(* Consider the censored delayed-feedback bandit model with threshold $m\ge1$ (see context), with arm $1$ the unique optimal arm, $\Delta_k=\theta_1-\theta_k>0$ for $k\neq1$, and $\tau_m>0$. Let $\epsilon>0$ and run the algorithm DelayedUCB with exploration function $\beta_\epsilon(t)=(1+\epsilon)\log t$. Then its expected regret satisfies \[ L(T)\le (1+\epsilon)\log(T)\sum_{k\neq1}\frac{1}{2\tau_m\Delta_k}+o(\log T), \] where the $o(\log T)$ term (which may depend on $\epsilon$, $m$, $\theta$ and the delay distribution) divided by $\log T$ tends to $0$ as $T\to\infty$.
   Context: Censored delayed-feedback bandit model: $K$ arms with unknown conversion rates $\theta_1,\dots,\theta_K\in[0,1]$; a known delay distribution on $\mathbb{N}$ with CDF $\tau_d=\mathbb{P}(D\le d)$; a threshold $m\ge1$. At each round $t$ the learner picks $A_t\in\{1,\dots,K\}$ based on past observations; this triggers, conditionally independently given the past, $C_t\sim\mathrm{Bernoulli}(\theta_{A_t})$ and a delay $D_t\sim\tau$. With $X_{s,t}=C_s\mathbf{1}\{D_s\le t-s\}$, at round $t$ the learner observes $X_{s,t}$ for $t-m\le s\le t$ and receives reward $Y_t=\sum_{s=t-m}^tC_s\mathbf{1}\{D_s=t-s\}$. Expected regret: $L(T)=\mathbb{E}[r^*(T)-r(T)]$, $r(T)=\sum_{t\le T}Y_t$, $r^*(T)$ the cumulated reward of the oracle always playing arm $1$. Estimators: $N_k(t)=\sum_{s=1}^{t-1}\mathbf{1}\{A_s=k\}$; $\tilde N_k(t)=\tau_m\sum_{s=1}^{t-m}\mathbf{1}\{A_s=k\}+\sum_{s=t-m+1}^{t-1}\mathbf{1}\{A_s=k\}\tau_{t-s}$; $S_k(t)=\sum_{s=1}^{t-1}\mathbf{1}\{A_s=k\}C_s\mathbf{1}\{D_s\le\min(t-s,m)\}$ (the number of conversions of previous pulls of arm $k$ observed by time $t$); $\hat\theta_k(t)=S_k(t)/\tilde N_k(t)$. DelayedUCB: during the first $K$ rounds play each arm once; for $t>K$ play $A_t\in\arg\max_kU_k(t)$ where $U_k(t)=\hat\theta_k(t)+\sqrt{N_k(t)/\tilde N_k(t)}\sqrt{\beta_\epsilon(t)/(2\tilde N_k(t))}$. *)

theory Defs
  imports "HOL-Probability.Probability"
begin

text \<open>Censored delayed-feedback bandit model.
  A history of length n is a list whose entry at index s-1 records round s:
  (A_s, C_s, D_s) = (arm pulled, conversion, delay). Arms are 1..K.\<close>

type_synonym hist = "(nat \<times> bool \<times> nat) list"

definition arm :: "hist \<Rightarrow> nat \<Rightarrow> nat" where
  "arm h s = fst (h ! (s - 1))"

definition conv :: "hist \<Rightarrow> nat \<Rightarrow> bool" where
  "conv h s = fst (snd (h ! (s - 1)))"

definition dly :: "hist \<Rightarrow> nat \<Rightarrow> nat" where
  "dly h s = snd (snd (h ! (s - 1)))"

definition tau :: "nat pmf \<Rightarrow> nat \<Rightarrow> real" where
  "tau Dl d = measure_pmf.prob Dl {..d}"

definition Nk :: "hist \<Rightarrow> nat \<Rightarrow> nat \<Rightarrow> real" where
  "Nk h k t = real (card {s \<in> {1..t-1}. arm h s = k})"

definition Ntil :: "nat pmf \<Rightarrow> nat \<Rightarrow> hist \<Rightarrow> nat \<Rightarrow> nat \<Rightarrow> real" where
  "Ntil Dl m h k t =
     tau Dl m * real (card {s \<in> {1..t-m}. arm h s = k})
     + (\<Sum>s\<in>{t-m+1..t-1}. if arm h s = k then tau Dl (t - s) else 0)"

- TASK TO CARRY OUT: Using the entries shown above, reproduce verbatim the lines from the line bearing "A history of" to the line bearing "snd (snd (h", inclusive.

- THE COMPLETED TASK:
  A history of length n is a list whose entry at index s-1 records round s:
  (A_s, C_s, D_s) = (arm pulled, conversion, delay). Arms are 1..K.\<close>

type_synonym hist = "(nat \<times> bool \<times> nat) list"

definition arm :: "hist \<Rightarrow> nat \<Rightarrow> nat" where
  "arm h s = fst (h ! (s - 1))"

definition conv :: "hist \<Rightarrow> nat \<Rightarrow> bool" where
  "conv h s = fst (snd (h ! (s - 1)))"

definition dly :: "hist \<Rightarrow> nat \<Rightarrow> nat" where
  "dly h s = snd (snd (h ! (s - 1)))"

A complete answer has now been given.